▸ Description of the task: Only the lines from the start of the entries up to and including the line with "obtain n d where" should be written out, exactly as they stand.

▸ Records for processing:
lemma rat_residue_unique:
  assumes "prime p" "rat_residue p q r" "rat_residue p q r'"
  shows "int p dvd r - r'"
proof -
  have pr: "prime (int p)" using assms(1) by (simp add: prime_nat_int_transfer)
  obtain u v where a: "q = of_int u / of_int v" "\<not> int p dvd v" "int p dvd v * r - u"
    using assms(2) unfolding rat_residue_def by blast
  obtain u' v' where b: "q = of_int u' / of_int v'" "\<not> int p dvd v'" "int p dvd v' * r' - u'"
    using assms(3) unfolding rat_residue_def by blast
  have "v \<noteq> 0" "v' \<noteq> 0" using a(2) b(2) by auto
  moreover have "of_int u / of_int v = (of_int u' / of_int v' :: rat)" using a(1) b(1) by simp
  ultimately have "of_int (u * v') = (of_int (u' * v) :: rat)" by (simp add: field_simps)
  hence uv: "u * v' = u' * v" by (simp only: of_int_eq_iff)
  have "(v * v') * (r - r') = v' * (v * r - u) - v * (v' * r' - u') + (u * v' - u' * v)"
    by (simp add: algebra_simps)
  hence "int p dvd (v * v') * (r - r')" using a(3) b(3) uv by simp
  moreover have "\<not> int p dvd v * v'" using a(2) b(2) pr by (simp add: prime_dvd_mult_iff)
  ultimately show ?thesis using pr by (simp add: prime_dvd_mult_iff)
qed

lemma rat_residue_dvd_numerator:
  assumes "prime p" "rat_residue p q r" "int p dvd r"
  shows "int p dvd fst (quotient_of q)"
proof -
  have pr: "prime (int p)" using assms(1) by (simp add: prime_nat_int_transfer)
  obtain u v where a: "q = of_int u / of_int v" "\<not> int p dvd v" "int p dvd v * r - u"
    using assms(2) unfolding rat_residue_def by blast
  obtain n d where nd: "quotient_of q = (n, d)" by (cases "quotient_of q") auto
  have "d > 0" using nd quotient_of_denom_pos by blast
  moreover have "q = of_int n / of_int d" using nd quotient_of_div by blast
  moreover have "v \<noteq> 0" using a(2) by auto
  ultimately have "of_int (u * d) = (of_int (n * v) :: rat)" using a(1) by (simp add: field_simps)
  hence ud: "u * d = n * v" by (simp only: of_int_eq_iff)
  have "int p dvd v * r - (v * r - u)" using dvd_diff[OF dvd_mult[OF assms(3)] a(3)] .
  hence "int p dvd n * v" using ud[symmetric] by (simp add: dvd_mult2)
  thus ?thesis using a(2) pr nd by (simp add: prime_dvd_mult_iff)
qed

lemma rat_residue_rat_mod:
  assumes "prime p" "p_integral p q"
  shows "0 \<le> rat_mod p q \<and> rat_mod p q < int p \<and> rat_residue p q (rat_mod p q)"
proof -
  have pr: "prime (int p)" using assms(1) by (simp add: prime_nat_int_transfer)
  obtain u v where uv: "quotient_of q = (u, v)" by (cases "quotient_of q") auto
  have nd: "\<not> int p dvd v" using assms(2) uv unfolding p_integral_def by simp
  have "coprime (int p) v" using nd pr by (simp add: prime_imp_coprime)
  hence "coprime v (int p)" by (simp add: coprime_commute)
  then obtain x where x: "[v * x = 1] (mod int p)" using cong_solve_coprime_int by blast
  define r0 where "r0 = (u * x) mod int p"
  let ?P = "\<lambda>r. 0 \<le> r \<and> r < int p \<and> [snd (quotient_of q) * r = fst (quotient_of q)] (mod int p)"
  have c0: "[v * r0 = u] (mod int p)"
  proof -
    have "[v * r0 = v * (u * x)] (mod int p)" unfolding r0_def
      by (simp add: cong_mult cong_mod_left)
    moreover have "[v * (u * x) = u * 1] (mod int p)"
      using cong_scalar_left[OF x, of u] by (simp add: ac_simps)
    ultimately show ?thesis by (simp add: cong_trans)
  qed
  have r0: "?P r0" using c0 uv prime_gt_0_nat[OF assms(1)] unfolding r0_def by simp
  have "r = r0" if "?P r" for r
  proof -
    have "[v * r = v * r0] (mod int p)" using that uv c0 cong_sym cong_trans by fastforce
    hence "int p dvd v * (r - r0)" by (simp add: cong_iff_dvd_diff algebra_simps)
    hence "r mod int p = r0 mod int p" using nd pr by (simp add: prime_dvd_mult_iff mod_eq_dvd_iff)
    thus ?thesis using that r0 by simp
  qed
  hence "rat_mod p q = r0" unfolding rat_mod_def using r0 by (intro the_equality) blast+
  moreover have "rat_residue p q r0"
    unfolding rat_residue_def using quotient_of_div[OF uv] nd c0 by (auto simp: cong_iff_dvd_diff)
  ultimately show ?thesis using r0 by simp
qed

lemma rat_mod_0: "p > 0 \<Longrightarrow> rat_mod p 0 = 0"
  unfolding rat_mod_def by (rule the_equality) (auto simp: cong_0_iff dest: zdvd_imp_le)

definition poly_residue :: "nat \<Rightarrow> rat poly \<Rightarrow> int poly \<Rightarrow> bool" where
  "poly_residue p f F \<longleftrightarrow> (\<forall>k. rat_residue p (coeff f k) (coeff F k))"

▸ Answer area:
lemma rat_residue_unique:
  assumes "prime p" "rat_residue p q r" "rat_residue p q r'"
  shows "int p dvd r - r'"
proof -
  have pr: "prime (int p)" using assms(1) by (simp add: prime_nat_int_transfer)
  obtain u v where a: "q = of_int u / of_int v" "\<not> int p dvd v" "int p dvd v * r - u"
    using assms(2) unfolding rat_residue_def by blast
  obtain u' v' where b: "q = of_int u' / of_int v'" "\<not> int p dvd v'" "int p dvd v' * r' - u'"
    using assms(3) unfolding rat_residue_def by blast
  have "v \<noteq> 0" "v' \<noteq> 0" using a(2) b(2) by auto
  moreover have "of_int u / of_int v = (of_int u' / of_int v' :: rat)" using a(1) b(1) by simp
  ultimately have "of_int (u * v') = (of_int (u' * v) :: rat)" by (simp add: field_simps)
  hence uv: "u * v' = u' * v" by (simp only: of_int_eq_iff)
  have "(v * v') * (r - r') = v' * (v * r - u) - v * (v' * r' - u') + (u * v' - u' * v)"
    by (simp add: algebra_simps)
  hence "int p dvd (v * v') * (r - r')" using a(3) b(3) uv by simp
  moreover have "\<not> int p dvd v * v'" using a(2) b(2) pr by (simp add: prime_dvd_mult_iff)
  ultimately show ?thesis using pr by (simp add: prime_dvd_mult_iff)
qed

lemma rat_residue_dvd_numerator:
  assumes "prime p" "rat_residue p q r" "int p dvd r"
  shows "int p dvd fst (quotient_of q)"
proof -
  have pr: "prime (int p)" using assms(1) by (simp add: prime_nat_int_transfer)
  obtain u v where a: "q = of_int u / of_int v" "\<not> int p dvd v" "int p dvd v * r - u"
    using assms(2) unfolding rat_residue_def by blast
  obtain n d where nd: "quotient_of q = (n, d)" by (cases "quotient_of q") auto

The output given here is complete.